I was surprised today while reading Prefect documentation to see this paragraph:
Most workflow frameworks act as if looping is impossible (stressing the Acyclic part of the DAG),
but it’s actually trivial to implement. We simply dynamically unroll the loop, similar to how RNN
gradients are sometimes computed.
The API for cyclic workflows of Prefect appears to be limited when compared with Cylc and
StackStorm, but they have a lot of integrations, and good documentation.
I had to re-work the example from the previous post a bit, as using prep as entry point
resulted in prep present in every cycle. Their dependency and constraints algorithm is
probably re-executing the whole cycle, or there may be another way to have optional tasks
that I couldn’t find.
(venv) kinow@ranma:/tmp$ python workflow.py
[2021-11-08 21:37:20+1300] INFO - prefect.FlowRunner | Beginning Flow run for 'hello-flow'
[2021-11-08 21:37:20+1300] INFO - prefect.TaskRunner | Task 'foo': Starting task run...

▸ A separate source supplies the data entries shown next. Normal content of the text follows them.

(* Consider the ring grooming instance with $n=9$, $c=1$ and traffic demands $\{1,2\},\{1,3\},\{2,3\},\{4,5\},\{4,6\},\{5,6\},\{7,8\},\{7,9\},\{8,9\}$ (each once). Then: (i) the minimum number of ADMs is $m=9$; (ii) every feasible routing achieving $9$ ADMs uses at least $3$ rings carrying traffic; (iii) there is a feasible routing using only $2$ rings carrying traffic; hence the number of rings carrying traffic and the number of ADMs cannot be minimized simultaneously for this instance.
   Context: Ring grooming. An instance consists of integers $n\ge 2$ (ring size) and $c\ge 1$ (capacity), and a finite list $L$ of unordered pairs $\{j,k\}$ with $j\ne k$, $j,k\in\{1,\dots,n\}$ (repetitions allowed); these are the traffic demands. Let $d_{jk}=d_{kj}$ be the number of times $\{j,k\}$ occurs in $L$ (the traffic matrix; $d_{jj}=0$). Let $C_n$ be the cycle graph on vertices $1,\dots,n$ in cyclic order, with edges $\{l,l+1\}$ for $1\le l<n$ and $\{n,1\}$. A solution uses some finite number $r$ of "rings", each a copy of $C_n$ in which every edge has capacity $c$. A routing specifies, for every ring $i$ and every pair $j<k$, nonnegative integers $t^0_{ijk},t^1_{ijk}$: the amounts of $\{j,k\}$-traffic sent on ring $i$ along each of the two arcs of $C_n$ between $j$ and $k$. It is feasible if $\sum_i (t^0_{ijk}+t^1_{ijk})=d_{jk}$ for all $j<k$, and for every ring $i$ and every edge $e$ of $C_n$ the total traffic routed on ring $i$ along arcs containing $e$ is at most $c$. Ring $i$ needs an ADM (add/drop multiplexer) at vertex $j$ iff some traffic with endpoint $j$ is routed on ring $i$. The cost of a routing is the total number of ADMs, i.e. the number of pairs (ring $i$, vertex $j$) at which an ADM is needed. $m=m(n,c,L)$ denotes the minimum cost over all feasible routings. *)

theory Defs
  imports Main
begin

text \<open>Vertices of the cycle C_n are 1..n. Edge l (1 \<le> l \<le> n) is
  {l, l+1} for l < n and {n, 1} for l = n. For a pair j < k, arc 0 between j and k is
  the path j, j+1, ..., k (edges l with j \<le> l < k); arc 1 is the complementary arc
  (edges l with l < j or k \<le> l). A routing with r rings is given by t0 t1, where
  t0 i j k / t1 i j k is the amount of {j,k}-traffic (j<k) routed on ring i (i<r)
  along arc 0 / arc 1. Entries outside the index range are irrelevant.\<close>

definition demand :: "(nat \<times> nat) list \<Rightarrow> nat \<Rightarrow> nat \<Rightarrow> nat" where
  "demand L j k = length (filter (\<lambda>p. p = (j, k) \<or> p = (k, j)) L)"

definition arc0_has_edge :: "nat \<Rightarrow> nat \<Rightarrow> nat \<Rightarrow> bool" where
  "arc0_has_edge j k l \<longleftrightarrow> j \<le> l \<and> l < k"

definition arc1_has_edge :: "nat \<Rightarrow> nat \<Rightarrow> nat \<Rightarrow> bool" where
  "arc1_has_edge j k l \<longleftrightarrow> l < j \<or> k \<le> l"

definition pairs :: "nat \<Rightarrow> (nat \<times> nat) set" where
  "pairs n = {(j, k). 1 \<le> j \<and> j < k \<and> k \<le> n}"

definition edge_load :: "nat \<Rightarrow> (nat \<Rightarrow> nat \<Rightarrow> nat \<Rightarrow> nat) \<Rightarrow> (nat \<Rightarrow> nat \<Rightarrow> nat \<Rightarrow> nat)
    \<Rightarrow> nat \<Rightarrow> nat \<Rightarrow> nat" where
  "edge_load n t0 t1 i l =
     (\<Sum>(j, k)\<in>pairs n. (if arc0_has_edge j k l then t0 i j k else 0)
                     + (if arc1_has_edge j k l then t1 i j k else 0))"

definition feasible_routing :: "nat \<Rightarrow> nat \<Rightarrow> (nat \<times> nat) list \<Rightarrow> nat
    \<Rightarrow> (nat \<Rightarrow> nat \<Rightarrow> nat \<Rightarrow> nat) \<Rightarrow> (nat \<Rightarrow> nat \<Rightarrow> nat \<Rightarrow> nat) \<Rightarrow> bool" where
  "feasible_routing n c L r t0 t1 \<longleftrightarrow>
     (\<forall>(j, k)\<in>pairs n. (\<Sum>i<r. t0 i j k + t1 i j k) = demand L j k) \<and>
     (\<forall>i<r. \<forall>l\<in>{1..n}. edge_load n t0 t1 i l \<le> c)"

definition needs_adm :: "nat \<Rightarrow> (nat \<Rightarrow> nat \<Rightarrow> nat \<Rightarrow> nat) \<Rightarrow> (nat \<Rightarrow> nat \<Rightarrow> nat \<Rightarrow> nat)
    \<Rightarrow> nat \<Rightarrow> nat \<Rightarrow> bool" where
  "needs_adm n t0 t1 i v \<longleftrightarrow>
     (\<exists>(j, k)\<in>pairs n. (v = j \<or> v = k) \<and> t0 i j k + t1 i j k > 0)"

definition adm_cost :: "nat \<Rightarrow> nat \<Rightarrow> (nat \<Rightarrow> nat \<Rightarrow> nat \<Rightarrow> nat) \<Rightarrow> (nat \<Rightarrow> nat \<Rightarrow> nat \<Rightarrow> nat) \<Rightarrow> nat" where
  "adm_cost n r t0 t1 = card {(i, v). i < r \<and> v \<in> {1..n} \<and> needs_adm n t0 t1 i v}"

definition rings_carrying :: "nat \<Rightarrow> nat \<Rightarrow> (nat \<Rightarrow> nat \<Rightarrow> nat \<Rightarrow> nat) \<Rightarrow> (nat \<Rightarrow> nat \<Rightarrow> nat \<Rightarrow> nat) \<Rightarrow> nat" where
  "rings_carrying n r t0 t1 =
     card {i. i < r \<and> (\<exists>(j, k)\<in>pairs n. t0 i j k + t1 i j k > 0)}"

[2021-11-08 21:37:21+1300] INFO - prefect.foo | prep.1 says hi!
[2021-11-08 21:37:22+1300] INFO - prefect.foo | foo.1 says hi!

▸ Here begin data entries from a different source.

lemma pair_weight_entropy_value:
  fixes a X1 X0 c :: real
  assumes "-1 < a" "a < 1" "0 < X1" "0 < X0" "0 < c"
  shows "2 * (\<Sum>s\<in>UNIV. \<Sum>t\<in>UNIV.
      rho a s t * ln (pair_weight (sqrt (X1 / (4 * c))) (sqrt (X0 / (4 * c))) s t / rho a s t))
    = 2 * ln 2 - ln c - (1 + a) * ln (1 + a) - (1 - a) * ln (1 - a)
      + (1 + a) / 2 * ln X1 + (1 - a) / 2 * ln X0"
proof -
  have ln4: "ln (4 :: real) = 2 * ln 2"
    using ln_realpow[of 2 2] by simp
  have ln_ratio: "ln (sqrt (X / (4 * c)) / (b / 4)) = ln 2 + (ln X - ln c) / 2 - ln b"
    if "0 < X" "0 < b" for X b
    using that \<open>0 < c\<close> by (simp add: ln_div ln_mult ln_sqrt ln4 field_simps)
  have "0 < 1 + a" "0 < 1 - a"
    using assms(1,2) by simp_all
  let ?w1 = "sqrt (X1 / (4 * c))" and ?w0 = "sqrt (X0 / (4 * c))"
  have "2 * (\<Sum>s\<in>UNIV. \<Sum>t\<in>UNIV. rho a s t * ln (pair_weight ?w1 ?w0 s t / rho a s t))
      = (1 + a) * ln (?w1 / ((1 + a) / 4)) + (1 - a) * ln (?w0 / ((1 - a) / 4))"
    by (simp add: UNIV_bool pair_weight_def rho_def algebra_simps)
  also have "\<dots> = 2 * ln 2 - ln c - (1 + a) * ln (1 + a) - (1 - a) * ln (1 - a)
      + (1 + a) / 2 * ln X1 + (1 - a) / 2 * ln X0"
    unfolding ln_ratio[OF \<open>0 < X1\<close> \<open>0 < 1 + a\<close>] ln_ratio[OF \<open>0 < X0\<close> \<open>0 < 1 - a\<close>]
    by (simp add: field_simps)
  finally show ?thesis .
qed

theorem lemma8p2:
  fixes \<beta> \<alpha> :: real
  assumes "\<beta> > 0" and "-1 < \<alpha>" and "\<alpha> < 1"
  defines "z \<equiv> sqrt ((1 + exp (-2*\<beta>))^2 - \<alpha>^2 * (1 - exp (-2*\<beta>))^2)"
  defines "F \<equiv> 2 * ln 2 - ln ((1 + exp (-2*\<beta>)) * (1 - exp (-2*\<beta>))^2)
      - (1 + \<alpha>) * ln (1 + \<alpha>) - (1 - \<alpha>) * ln (1 - \<alpha>)
      + (1 + \<alpha>) / 2 * ln ((1 + exp (-2*\<beta>))^2 + \<alpha> * (1 - exp (-2*\<beta>))^2 - 2 * exp (-\<beta>) * z)
      + (1 - \<alpha>) / 2 * ln ((1 + exp (-2*\<beta>))^2 - \<alpha> * (1 - exp (-2*\<beta>))^2 - 2 * exp (-\<beta>) * z)"
  shows "(\<exists>\<mu>. coupling \<alpha> \<mu> \<and> gfun \<beta> \<alpha> \<mu> = F) \<and> (\<forall>\<mu>. coupling \<alpha> \<mu> \<longrightarrow> F \<le> gfun \<beta> \<alpha> \<mu>)"
proof -
  note z_def = assms(4) and F_def = assms(5)
  define E where "E = exp (- \<beta>)"
  have "0 < E" "E < 1"
    using \<open>\<beta> > 0\<close> by (simp_all add: E_def)
  have exp_2\<beta>: "exp (-2 * \<beta>) = E^2"
    by (simp add: E_def power2_eq_square flip: exp_add)
  define D G where "D = 1 + E^2" and "G = (1 - E^2)^2"
  have z_eq: "z = sqrt (D^2 - \<alpha>^2 * G)"
    unfolding z_def exp_2\<beta> D_def G_def ..
  define X1 X0 where "X1 = D^2 + \<alpha> * G - 2 * E * z" and "X0 = D^2 - \<alpha> * G - 2 * E * z"
  define w1 w0 where "w1 = sqrt (X1 / (4 * (D * G)))" and "w0 = sqrt (X0 / (4 * (D * G)))"
  note sol = marginal_equations_solution[OF \<open>0 < E\<close> \<open>E < 1\<close> assms(2,3),
      folded D_def G_def, folded z_eq, folded X1_def X0_def, folded w1_def w0_def]
  have opt_coupling: "coupling \<alpha> (gibbs_coupling \<beta> w1 w0)"
    using sol(3-6) by (intro coupling_gibbs_coupling) (simp_all add: E_def D_def)
  have "0 < D * G"
    using \<open>0 < E\<close> \<open>E < 1\<close> power_less_one_iff[of E 2]
    unfolding D_def G_def by (intro mult_pos_pos) (simp_all add: add_pos_nonneg)
  have "F = 2 * ln 2 - ln (D * G) - (1 + \<alpha>) * ln (1 + \<alpha>) - (1 - \<alpha>) * ln (1 - \<alpha>)
      + (1 + \<alpha>) / 2 * ln X1 + (1 - \<alpha>) / 2 * ln X0"
    unfolding F_def exp_2\<beta> E_def[symmetric] unfolding D_def[symmetric] G_def[symmetric]
    unfolding X1_def[symmetric] X0_def[symmetric] ..
  also have "\<dots> = 2 * (\<Sum>s\<in>UNIV. \<Sum>t\<in>UNIV. rho \<alpha> s t * ln (pair_weight w1 w0 s t / rho \<alpha> s t))"
    unfolding w1_def w0_def by (rule pair_weight_entropy_value[symmetric]) (use assms(2,3) sol(1,2) \<open>0 < D * G\<close> in auto)
  finally have "F = \<dots>" .
  then show ?thesis
    using gibbs_coupling_minimizes_gfun[OF assms(2,3) sol(3,4) opt_coupling] opt_coupling by auto
qed

end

[2021-11-08 21:37:23+1300] INFO - prefect.foo | bar.1 says hi!
[2021-11-08 21:37:24+1300] INFO - prefect.foo | foo.2 says hi!
[2021-11-08 21:37:25+1300] INFO - prefect.foo | bar.2 says hi!

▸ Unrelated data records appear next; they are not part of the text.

locale heap_tree_bags =
  fixes n :: nat and X :: "nat set list"
  assumes interval: "interval_bags X"
    and parent_share: "\<And>w. 2 \<le> w \<Longrightarrow> w \<le> n \<Longrightarrow> share_bag X (w div 2) w"
    and covers: "\<And>v. 1 \<le> v \<Longrightarrow> v \<le> n \<Longrightarrow> \<exists>j<length X. v \<in> X ! j"
begin

lemma heap_subtree_linked:
  assumes "1 \<le> u" "(u + 1) * 2^h \<le> n + 1" "heap_subtree h u \<subseteq> C" "x \<in> heap_subtree h u"
  shows "(share_bag_in X C)\<^sup>*\<^sup>* u x"
proof -
  have "(share_bag_in X C)\<^sup>*\<^sup>* u x" if "i \<le> h" "x div 2^i = u" for i x
    using that
  proof (induction i arbitrary: x)
    case 0
    then show ?case by simp
  next
    case (Suc i)
    have "x div 2 div 2^i = u" using Suc.prems(2) by (simp add: div_mult2_eq)
    then have linked: "(share_bag_in X C)\<^sup>*\<^sup>* u (x div 2)" using Suc by simp
    have x: "x \<in> heap_subtree h u" unfolding heap_subtree_def using Suc.prems by blast
    have "x div 2 \<in> heap_subtree h u"
      unfolding heap_subtree_def using Suc.prems \<open>x div 2 div 2^i = u\<close> by (intro CollectI exI[of _ i]) simp
    moreover have "x < n + 1" using heap_subtree_bounds(2)[OF x] assms(2) by linarith
    moreover have "2 \<le> x"
    proof (rule ccontr)
      assume "\<not> 2 \<le> x"
      then have "x div 2^Suc i = 0" by (intro div_less) (simp add: less_le_trans[of x 2])
      then show False using Suc.prems(2) assms(1) by simp
    qed
    ultimately have "share_bag_in X C (x div 2) x"
      using x parent_share assms(3) unfolding share_bag_in_def by auto
    then show ?case by (rule rtranclp.rtrancl_into_rtrancl[OF linked])
  qed
  then show ?thesis using assms(4) unfolding heap_subtree_def by blast
qed

lemma grandchild_subtree_linked_to_root:
  assumes u: "1 \<le> u" "(u + 1) * 2^(g + 2) \<le> n + 1"
    and lk: "l < 4" "k < 4" "l \<noteq> k" and x: "x \<in> heap_subtree g (4*u + l)"
  shows "(share_bag_in X (heap_subtree (g + 2) u - heap_subtree g (4*u + k)))\<^sup>*\<^sup>* u x"
    (is "?linked\<^sup>*\<^sup>* u x")
proof -
  let ?T = "heap_subtree (g + 2) u" and ?B = "heap_subtree g (4*u + k)"
  let ?c = "4*u + l" and ?p = "2*u + l div 2"
  have fits: "(?c + 1) * 2^g \<le> n + 1"
  proof -
    have "(?c + 1) * 2^g \<le> (4*u + 4) * 2^g" using lk by (intro mult_le_mono1) simp
    also have "\<dots> = (u + 1) * 2^(g + 2)" by (simp add: power_add algebra_simps)
    finally show ?thesis using u(2) by simp
  qed
  have "heap_subtree g ?c \<subseteq> ?T - ?B"
    using heap_subtree_grandchild_subset[of l g u] heap_subtree_grandchildren_disjoint[of l k u g] lk u
    by blast
  then have c_x: "?linked\<^sup>*\<^sup>* ?c x" using heap_subtree_linked[OF _ fits _ x] u by simp
  have "?c \<le> n" using heap_subtree_bounds(2)[OF heap_subtree_root, of ?c g] fits by simp
  have "?p \<in> ?T" unfolding heap_subtree_def by (intro CollectI exI[of _ 1]) (use lk in auto)
  moreover have "u \<in> ?T" "?c \<in> ?T"
    using heap_subtree_grandchild_subset[of l g u] heap_subtree_root lk by auto
  moreover have "?p \<notin> ?B" "u \<notin> ?B"
    using heap_subtree_bounds(1)[of _ g "4*u + k"] lk u(1) by fastforce+
  moreover have "?c \<notin> ?B"
    using heap_subtree_grandchildren_disjoint[of l k u g] heap_subtree_root[of ?c g] lk u(1) by blast
  moreover have "?c div 2 = ?p" "?p div 2 = u" using lk by presburger+
  then have "share_bag X ?p ?c" "share_bag X u ?p"
    using parent_share[of ?c] parent_share[of ?p] \<open>?c \<le> n\<close> u(1) by auto
  ultimately have "?linked u ?p" "?linked ?p ?c" unfolding share_bag_in_def by auto
  then show ?thesis using c_x by (meson converse_rtranclp_into_rtranclp)
qed

lemma bag_meeting_heap_subtree_step:
  assumes u: "1 \<le> u" "(u + 1) * 2^(g + 2) \<le> n + 1"
    and J: "\<And>l. l < 3 \<Longrightarrow> J l < length X"
      "\<And>l. l < 3 \<Longrightarrow> g div 2 + 1 \<le> card (X ! J l \<inter> heap_subtree g (4*u + l))"
  shows "\<exists>j<length X. g div 2 + 2 \<le> card (X ! j \<inter> heap_subtree (g + 2) u)"
proof -
  let ?T = "heap_subtree (g + 2) u" and ?B = "\<lambda>l. heap_subtree g (4*u + l)"
  have "\<forall>l\<in>{..<3}. \<exists>y. y \<in> X ! J l \<inter> ?B l"
    using J(2) by (metis card.empty ex_in_conv lessThan_iff not_one_le_zero le_add2 order_trans)
  then obtain x where x: "\<And>l. l < 3 \<Longrightarrow> x l \<in> X ! J l \<inter> ?B l"
    by (metis lessThan_iff)
  obtain k l m where klm: "k < 3" "l < 3" "m < 3" "k \<noteq> l" "k \<noteq> m" "J l \<le> J k" "J k \<le> J m"
    using median_of_three[of J] by blast
  let ?linked = "share_bag_in X (?T - ?B k)"
  have "?linked\<^sup>*\<^sup>* u (x l)" "?linked\<^sup>*\<^sup>* u (x m)"
    using grandchild_subtree_linked_to_root[OF u, of l k "x l"]
      grandchild_subtree_linked_to_root[OF u, of m k "x m"] x[of l] x[of m] klm
    by auto
  then have chain: "?linked\<^sup>*\<^sup>* (x l) (x m)"
    using sympD[OF symp_rtranclp[OF symp_share_bag_in]] by (meson rtranclp_trans)
  have x_l: "x l \<in> ?T - ?B k"
    using x[of l] klm heap_subtree_grandchild_subset[of l g u]
      heap_subtree_grandchildren_disjoint[of l k u g] u(1) by auto
  have B_k: "?B k \<subseteq> ?T" using heap_subtree_grandchild_subset[of k g u] klm by simp
  have "x l \<in> X ! J l" "x m \<in> X ! J m" using x klm by auto
  then have "card (X ! J k \<inter> ?B k) < card (X ! J k \<inter> ?T)"
    using share_bag_chain_adds_to_middle_bag[OF interval chain x_l _ _ klm(6,7) J(1)[OF klm(3)] B_k
        finite_heap_subtree] by blast
  then show ?thesis using J[of k] klm by (intro exI[of _ "J k"]) auto
qed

[2021-11-08 21:37:26+1300] INFO - prefect.foo | foo.3 says hi!
[2021-11-08 21:37:27+1300] INFO - prefect.foo | bar.3 says hi!
[2021-11-08 21:37:28+1300] INFO - prefect.foo | foo.4 says hi!
[2021-11-08 21:37:29+1300] INFO - prefect.foo | bar.4 says hi!
...
I had seen the RNN graph unrolling algorithm mentioned in their documentation
while working on decyclify. I believe more
workflow managers will start supporting cyclic workflows soon. It adds some
complexity to the code, but so does add dependency management, good logging,
configuration, distributed execution, and so on.
I am not sure if the way I linked tasks is following best practices for Prefect. There
may be better ways so that Prefect can handle restarting workflows, for instance. But
if you want to run cyclic workflows, now you have —at least— three options.